В зале суда присяжный заседатель Нехлюдов – уважаемый член общества, пришедший выполнить свой гражданский долг, – с внутренним содроганием признаёт себя самого виновным, нравственно и социально ответственным за судьбу загубленной им женщины. В герое происходит такая же «внутренняя перестройка всего миросозерцания» (30, 3), о которой писал Толстой в своей «Исповеди».

В связи с образом Нехлюдова в романе «Воскресение» писатель приводит рассуждения об особенностях человеческой сущности и психологии, излагает свою известную концепцию «люди как реки»: «Одно из самых обычных и распространённых суеверий то, что каждый человек имеет одни свои определённые свойства, что бывает человек добрый, злой, умный, глупый, энергичный, апатичный и т. д. Люди не бывают такими. Мы можем сказать про человека, что он чаще бывает добр, чем зол, чаще умён, чем глуп, чаще энергичен, чем апатичен, и наоборот; но будет неправда, если мы скажем про одного человека, что он добрый или умный, а про другого, что он злой или глупый. А мы всегда так делим людей. И это неверно.

Люди как реки: вода во всех одинаковая и везде одна и та же, но каждая река бывает то узкая, то быстрая, то широкая, то тихая, то чистая, то холодная, то мутная, то тёплая. Так и люди. Каждый человек носит в себе зачатки всех свойств людских и иногда проявляет одни, иногда другие и бывает часто совсем непохож на себя, оставаясь всё между тем одним и самим собою. У некоторых людей эти перемены бывают особенно резки. И к таким людям принадлежал Нехлюдов» (XIII, 201).

Чтобы загладить свою вину за искалеченную жизнь Катюши, Нехлюдов собирается жениться на ней. Героиня с яростной злобой и гневом отвергает это предложение.
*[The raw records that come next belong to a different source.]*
(* Let $M\ge1$ and $m_0\ge1$ be integers. For each $i\in\{1,\dots,M\}$ let $A_i\in\mathbb{R}^{n_i\times n_i}$, $B_i,F_i\in\mathbb{R}^{n_i\times m_0}$, $C_i\in\mathbb{R}^{m_0\times n_i}$, let $\mathcal{N}_i^-\subseteq\{1,\dots,M\}\setminus\{i\}$ and $l_{ij}\in\mathbb{R}$ for $j\in\mathcal{N}_i^-$, and consider the interconnected discrete-time system $$x_i^+=A_ix_i+B_iu_i+F_iv_i,\quad y_i=C_ix_i,\quad v_i=\sum_{j\in\mathcal{N}_i^-}l_{ij}(y_j-y_i),\qquad i=1,\dots,M.$$ Let $n=\sum_in_i$, $m=Mm_0$, $C=\operatorname{diag}(C_1,\dots,C_M)$, and let $\tilde L\in\mathbb{R}^{m\times m}$ be the block matrix with $m_0\times m_0$ blocks $\tilde L_{ii}=\big(\sum_{j\in\mathcal{N}_i^-}l_{ij}\big)I_{m_0}$, $\tilde L_{ij}=-l_{ij}I_{m_0}$ for $j\in\mathcal{N}_i^-$, and $\tilde L_{ij}=0$ otherwise; assume $w^\top\tilde Lw\ge0$ for all $w\in\mathbb{R}^m$. Let $U=\tilde LC\in\mathbb{R}^{m\times n}$ and $W=C^\top\tilde L^\top\in\mathbb{R}^{n\times m}$, and partition them into block rows $U=[U_1^\top,\dots,U_M^\top]^\top$ with $U_i\in\mathbb{R}^{m_0\times n}$ and $W=[W_1^\top,\dots,W_M^\top]^\top$ with $W_i\in\mathbb{R}^{n_i\times m}$. Fix $\epsilon_0>0$ and $\epsilon_i>0$ for $i=1,\dots,M$. Suppose that for every $i\in\{1,\dots,M\}$ there exist $S_i\in\mathbb{R}^{m_0\times m_0}$, $G_i\in\mathbb{R}^{m_0\times n_i}$, symmetric $E_i\in\mathbb{R}^{n_i\times n_i}$ and $H_i\in\mathbb{R}^{n_i\times n_i}$ satisfying: (i) $E_i\succeq\epsilon_iI_{n_i}$; (ii) $H_i$ and $S_i$ are diagonal with strictly positive diagonal entries; (iii) $$\begin{bmatrix} E_i & \tfrac12 E_iC_i^\top & (A_iE_i+B_iG_i)^\top & E_i\\ \tfrac12 C_iE_i & \tfrac12 S_i+\tfrac12 S_i^\top & F_i^\top & 0\\ A_iE_i+B_iG_i & F_i & E_i & 0\\ E_i & 0 & 0 & H_i \end{bmatrix}\succeq 0;$$ (iv) $[H_i]_j\le\dfrac{1}{|W_i|_j+\epsilon_0}$ for all $j\in\{1,\dots,n_i\}$; (v) $[S_i]_k\le\dfrac{1}{|U_i|_k}$ for all $k\in\{1,\dots,m_0\}$ with $|U_i|_k>0$. Then the decentralized control laws $u_i=K_ix_i$ with $K_i=G_iE_i^{-1}$, $i=1,\dots,M$, render the origin of the global closed-loop system asymptotically stable.
   Context: For a matrix $T$, $[T]_j$ denotes its $j$-th diagonal entry and $|T|_j$ the $1$-norm (sum of absolute values of entries) of its $j$-th row. $I_k$ is the $k\times k$ identity matrix and $M\succeq0$ means the symmetric matrix $M$ is positive semidefinite. The global closed-loop system is $x_i^+=(A_i+B_iK_i)x_i+F_iv_i$, $i=1,\dots,M$, with $v_i$ given by the coupling formula. *)

theory Defs
  imports "Jordan_Normal_Form.Matrix"
begin
lemma perm_group_M: "perm_group \<Omega> M"
  and M_subset_G: "M \<subseteq> G"
  and conj_in_M: "g \<in> G \<Longrightarrow> m \<in> M \<Longrightarrow> g \<circ> m \<circ> inv g \<in> M"
  using minimal_normal_M by (auto simp: minimal_normal_def normal_perm_subgroup_def)

lemma in_G_if_in_M [simp]: "m \<in> M \<Longrightarrow> m \<in> G"
  using M_subset_G by blast

lemma permutes_G: "g \<in> G \<Longrightarrow> g permutes \<Omega>"
  using perm_group_permutes[OF perm_group_G] .

lemma
  assumes "g \<in> G"
  shows G_comp_inv [simp]: "g \<circ> inv g = id" and G_inv_comp [simp]: "inv g \<circ> g = id"
    and G_apply_inv [simp]: "g (inv g x) = x" and G_inv_apply [simp]: "inv g (g x) = x"
  using permutes_inv_o[OF permutes_G[OF assms]] permutes_inverses[OF permutes_G[OF assms]]
  by simp_all

lemma inv_in_G: "g \<in> G \<Longrightarrow> inv g \<in> G"
  using perm_group_inv[OF perm_group_G] .

lemma
  assumes "g \<in> G"
  shows G_inv_inv [simp]: "inv (inv g) = g"
    and G_inv_image_image [simp]: "inv g ` g ` A = A"
    and G_image_inv_image [simp]: "g ` inv g ` A = A"
  using permutes_inv_inv[OF permutes_G[OF assms]]
    image_inv_f_f[OF permutes_inj[OF permutes_G[OF assms]]]
    image_f_inv_f[OF permutes_surj[OF permutes_G[OF assms]]]
  by simp_all

lemma conj_inv_in_M: "g \<in> G \<Longrightarrow> m \<in> M \<Longrightarrow> inv g \<circ> m \<circ> g \<in> M"
  using conj_in_M[OF inv_in_G] by fastforce

lemma G_apply_in_Omega: "g \<in> G \<Longrightarrow> x \<in> \<Omega> \<Longrightarrow> g x \<in> \<Omega>"
  using permutes_in_image[OF permutes_G] by simp

lemma transitive_ME:
  assumes "x \<in> \<Omega>" "y \<in> \<Omega>"
  obtains m where "m \<in> M" "m x = y"
  using transitive_M assms unfolding transitive_on_def by blast

lemma M_orbit:
  assumes "x \<in> \<Omega>"
  shows "(\<lambda>m. m x) ` M = \<Omega>"
proof (intro equalityI subsetI)
  fix y assume "y \<in> \<Omega>"
  then obtain m where "m \<in> M" "m x = y" using transitive_ME[OF assms] by blast
  then show "y \<in> (\<lambda>m. m x) ` M" by blast
qed (use G_apply_in_Omega assms in auto)

lemma finite_M: "finite M"
  using finite_perm_group[OF finite_Omega perm_group_M] .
Во время свидания, дозволенного в тюрьме, между князем и арестанткой возникает знаменательный диалог:

«– Я говорил, что пришёл просить вас простить меня, – сказал он.

– Ну, что, всё простить, простить, ни к чему это... вы лучше...

– Что я хочу загладить свою вину, – продолжал Нехлюдов, – и загладить не словами, а делом. Я решил жениться на вас.

Лицо её вдруг выразило испуг. <…>

– Это ещё зачем понадобилось? – проговорила она, злобно хмурясь.

– Я чувствую, что я перед Богом должен сделать это.

– Какого ещё Бога там нашли? Всё вы не то говорите. Бога? Какого Бога? Вот вы бы тогда помнили Бога <…>

– Успокойтесь, – сказал он.

– Нечего мне успокаиваться. Ты думаешь, я пьяна? Я и пьяна, да помню, что говорю, – вдруг быстро заговорила она и вся багрово покраснела, – я каторжная, б...., а вы барин, князь, и нечего тебе со мной мараться. Ступай к своим княжнам, а моя цена – красненькая.

– Как бы жестоко ты ни говорила, ты не можешь сказать того, что я чувствую, – весь дрожа, тихо сказал Нехлюдов, – не можешь себе представить, до какой степени я чувствую свою вину перед тобою!..

– Чувствую вину... – злобно передразнила она. – Тогда не чувствовал, а сунул сто рублей. Вот – твоя цена...

– Знаю, знаю, но что же теперь делать? – сказал Нехлюдов. – Теперь я решил, что не оставлю тебя, – повторил он, – и что сказал, то сделаю.

– А я говорю, не сделаешь! – проговорила она и громко засмеялась.

– Катюша! – начал он, дотрагиваясь до её руки.

– Уйди от меня. Я каторжная, а ты князь, и нечего тебе тут быть, – вскрикнула она, вся преображённая гневом, вырывая у него руку. – Ты мной хочешь спастись, – продолжала она, торопясь высказать всё, что поднялось в её душе. – Ты мной в этой жизни услаждался, мной же хочешь и на том свете спастись! Противен ты мне, и очки твои, и жирная, поганая вся рожа твоя. Уйди, уйди ты! – закричала она» (XIII, 172–173).

Это уже сословная ненависть человека из народа, чья душа была попрана, жизнь исковеркана по прихоти знатного богача.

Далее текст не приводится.